**Goal of the exercise:**
Using the data that follows, return exactly the lines from the one that contains "unfolding B_def by" through the one that contains "(\<integral>x\<in>B. real_cond_exp M", ends included.
=== Exercise data ===
lemma (in sigma_finite_subalgebra) AE_ex_real_cond_exp_pos:
  fixes f :: "'i::countable \<Rightarrow> 'a \<Rightarrow> real"
  assumes "\<And>i. integrable M (f i)" "\<And>i. AE x in M. 0 \<le> f i x" "AE x in M. \<exists>i. 0 < f i x"
  shows "AE x in M. \<exists>i. 0 < real_cond_exp M F (f i) x"
proof -
  have "AE x in M. \<forall>i. real_cond_exp M F (f i) x \<le> 0 \<longrightarrow> f i x = 0"
    using assms(1,2) by (subst AE_all_countable) (blast intro: AE_real_cond_exp_nonpos_imp_zero)
  with assms(3) show ?thesis
  proof eventually_elim
    case (elim x)
    then obtain i where "0 < f i x" by blast
    with elim have "\<not> real_cond_exp M F (f i) x \<le> 0" by auto
    then show ?case by (auto simp: not_le)
  qed
qed

lemma AE_less_PInf_of_tail_integral_bound:
  fixes U :: "'a \<Rightarrow> ereal" and H :: "'a \<Rightarrow> real"
  assumes U[measurable]: "U \<in> borel_measurable M" and H: "integrable M H" "AE x in M. 0 < H x"
    and bound: "\<And>K::nat. real K * (\<integral>x\<in>{x\<in>space M. real K < U x}. H x \<partial>M) \<le> c"
  shows "AE x in M. U x < \<infinity>"
proof -
  define S where "S = {x\<in>space M. U x = \<infinity>}"
  have S[measurable]: "S \<in> sets M" unfolding S_def by measurable
  define p where "p = (\<integral>x\<in>S. H x \<partial>M)"
  have Kp: "real K * p \<le> c" for K :: nat
  proof -
    have "p \<le> (\<integral>x\<in>{x\<in>space M. real K < U x}. H x \<partial>M)"
      unfolding p_def S_def set_lebesgue_integral_def using H
      by (intro integral_mono_AE integrable_mult_indicator[unfolded scaleR_conv_of_real])
         (auto elim: eventually_mono split: split_indicator)
    then show ?thesis using bound[of K] by (meson mult_left_mono of_nat_0_le_iff order.trans)
  qed
  have "0 \<le> p"
    unfolding p_def set_lebesgue_integral_def using H(2)
    by (intro integral_nonneg_AE) (auto elim: eventually_mono split: split_indicator)
  have "p = 0"
  proof (rule ccontr)
    assume "p \<noteq> 0"
    with \<open>0 \<le> p\<close> have "0 < p" by simp
    obtain K :: nat where "c / p < real K" using reals_Archimedean2 by blast
    with \<open>0 < p\<close> Kp[of K] show False by (simp add: field_simps)
  qed
  moreover have "integrable M (\<lambda>x. indicator S x * H x)"
    using integrable_mult_indicator[OF S H(1)] by simp
  ultimately have "AE x in M. indicator S x * H x = 0"
    unfolding p_def set_lebesgue_integral_def using H(2)
    by (subst integral_nonneg_eq_0_iff_AE[symmetric]) (auto elim: eventually_mono split: split_indicator)
  then show ?thesis
    using H(2) AE_space by eventually_elim (auto simp: S_def less_top[symmetric] split: split_indicator)
qed

lemma set_integral_SUP_tail_le:
  fixes Y :: "nat \<Rightarrow> 'a \<Rightarrow> ereal" and H :: "'a \<Rightarrow> real" and K c :: real
  assumes Y: "\<And>n. Y n \<in> borel_measurable M" "\<And>x. incseq (\<lambda>n. Y n x)" and H: "integrable M H"
    and bound: "\<And>n. K * (\<integral>x\<in>{x\<in>space M. K < Y n x}. H x \<partial>M) \<le> c"
  shows "K * (\<integral>x\<in>{x\<in>space M. K < (SUP n. Y n x)}. H x \<partial>M) \<le> c"
proof -
  define B where "B n = {x\<in>space M. K < Y n x}" for n
  have B_M: "B n \<in> sets M" for n
    unfolding B_def using borel_measurable_const Y(1) by (rule borel_measurable_less)
  have B_inc: "incseq B"
    unfolding incseq_def
  proof (intro allI impI subsetI)
    fix m n x assume "m \<le> n" "x \<in> B m"
    with incseqD[OF Y(2) \<open>m \<le> n\<close>, of x] show "x \<in> B n"
      unfolding B_def by (auto intro: less_le_trans)
  qed
  have B_Un: "(\<Union>n. B n) = {x\<in>space M. K < (SUP n. Y n x)}"
    unfolding B_def less_SUP_iff by blast
  have "(\<Union>n. B n) \<in> sets M" using B_M by blast
  then have "set_integrable M (\<Union>n. B n) H"
    unfolding set_integrable_def using H by (rule integrable_mult_indicator)
  from set_integral_cont_up[OF B_M B_inc this]
  have "(\<lambda>n. \<integral>x\<in>B n. H x \<partial>M) \<longlonglongrightarrow> (\<integral>x\<in>{x\<in>space M. K < (SUP n. Y n x)}. H x \<partial>M)"
    by (simp only: B_Un)
  then have "(\<lambda>n. K * (\<integral>x\<in>B n. H x \<partial>M)) \<longlonglongrightarrow> K * (\<integral>x\<in>{x\<in>space M. K < (SUP n. Y n x)}. H x \<partial>M)"
    by (rule tendsto_mult_left)
  then show ?thesis
    by (rule LIMSEQ_le_const2) (use bound in \<open>auto simp: B_def\<close>)
qed

lemma (in sigma_finite_subalgebra) set_integral_le_if_AE_le_real_cond_exp:
  assumes "integrable M f" "integrable M g" "B \<in> sets F"
    and "AE x in M. x \<in> B \<longrightarrow> f x \<le> real_cond_exp M F g x"
  shows "(\<integral>x\<in>B. f x \<partial>M) \<le> (\<integral>x\<in>B. g x \<partial>M)"
proof -
  have "B \<in> sets M" using assms(3) subalg by (auto simp: subalgebra_def)
  then have "(\<integral>x\<in>B. f x \<partial>M) \<le> (\<integral>x\<in>B. real_cond_exp M F g x \<partial>M)"
    using assms(4) integrable_mult_indicator[OF \<open>B \<in> sets M\<close> assms(1)]
      integrable_mult_indicator[OF \<open>B \<in> sets M\<close> real_cond_exp_int(1)[OF assms(2)]]
    by (intro set_integral_mono_AE) (auto simp: set_integrable_def)
  also have "\<dots> = (\<integral>x\<in>B. g x \<partial>M)" using real_cond_exp_intA[OF assms(2,3)] by simp
  finally show ?thesis .
qed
===
**Exercise response:**
      unfolding B_def by (auto intro: less_le_trans)
  qed
  have B_Un: "(\<Union>n. B n) = {x\<in>space M. K < (SUP n. Y n x)}"
    unfolding B_def less_SUP_iff by blast
  have "(\<Union>n. B n) \<in> sets M" using B_M by blast
  then have "set_integrable M (\<Union>n. B n) H"
    unfolding set_integrable_def using H by (rule integrable_mult_indicator)
  from set_integral_cont_up[OF B_M B_inc this]
  have "(\<lambda>n. \<integral>x\<in>B n. H x \<partial>M) \<longlonglongrightarrow> (\<integral>x\<in>{x\<in>space M. K < (SUP n. Y n x)}. H x \<partial>M)"
    by (simp only: B_Un)
  then have "(\<lambda>n. K * (\<integral>x\<in>B n. H x \<partial>M)) \<longlonglongrightarrow> K * (\<integral>x\<in>{x\<in>space M. K < (SUP n. Y n x)}. H x \<partial>M)"
    by (rule tendsto_mult_left)
  then show ?thesis
    by (rule LIMSEQ_le_const2) (use bound in \<open>auto simp: B_def\<close>)
qed

lemma (in sigma_finite_subalgebra) set_integral_le_if_AE_le_real_cond_exp:
  assumes "integrable M f" "integrable M g" "B \<in> sets F"
    and "AE x in M. x \<in> B \<longrightarrow> f x \<le> real_cond_exp M F g x"
  shows "(\<integral>x\<in>B. f x \<partial>M) \<le> (\<integral>x\<in>B. g x \<partial>M)"
proof -
  have "B \<in> sets M" using assms(3) subalg by (auto simp: subalgebra_def)
  then have "(\<integral>x\<in>B. f x \<partial>M) \<le> (\<integral>x\<in>B. real_cond_exp M F g x \<partial>M)"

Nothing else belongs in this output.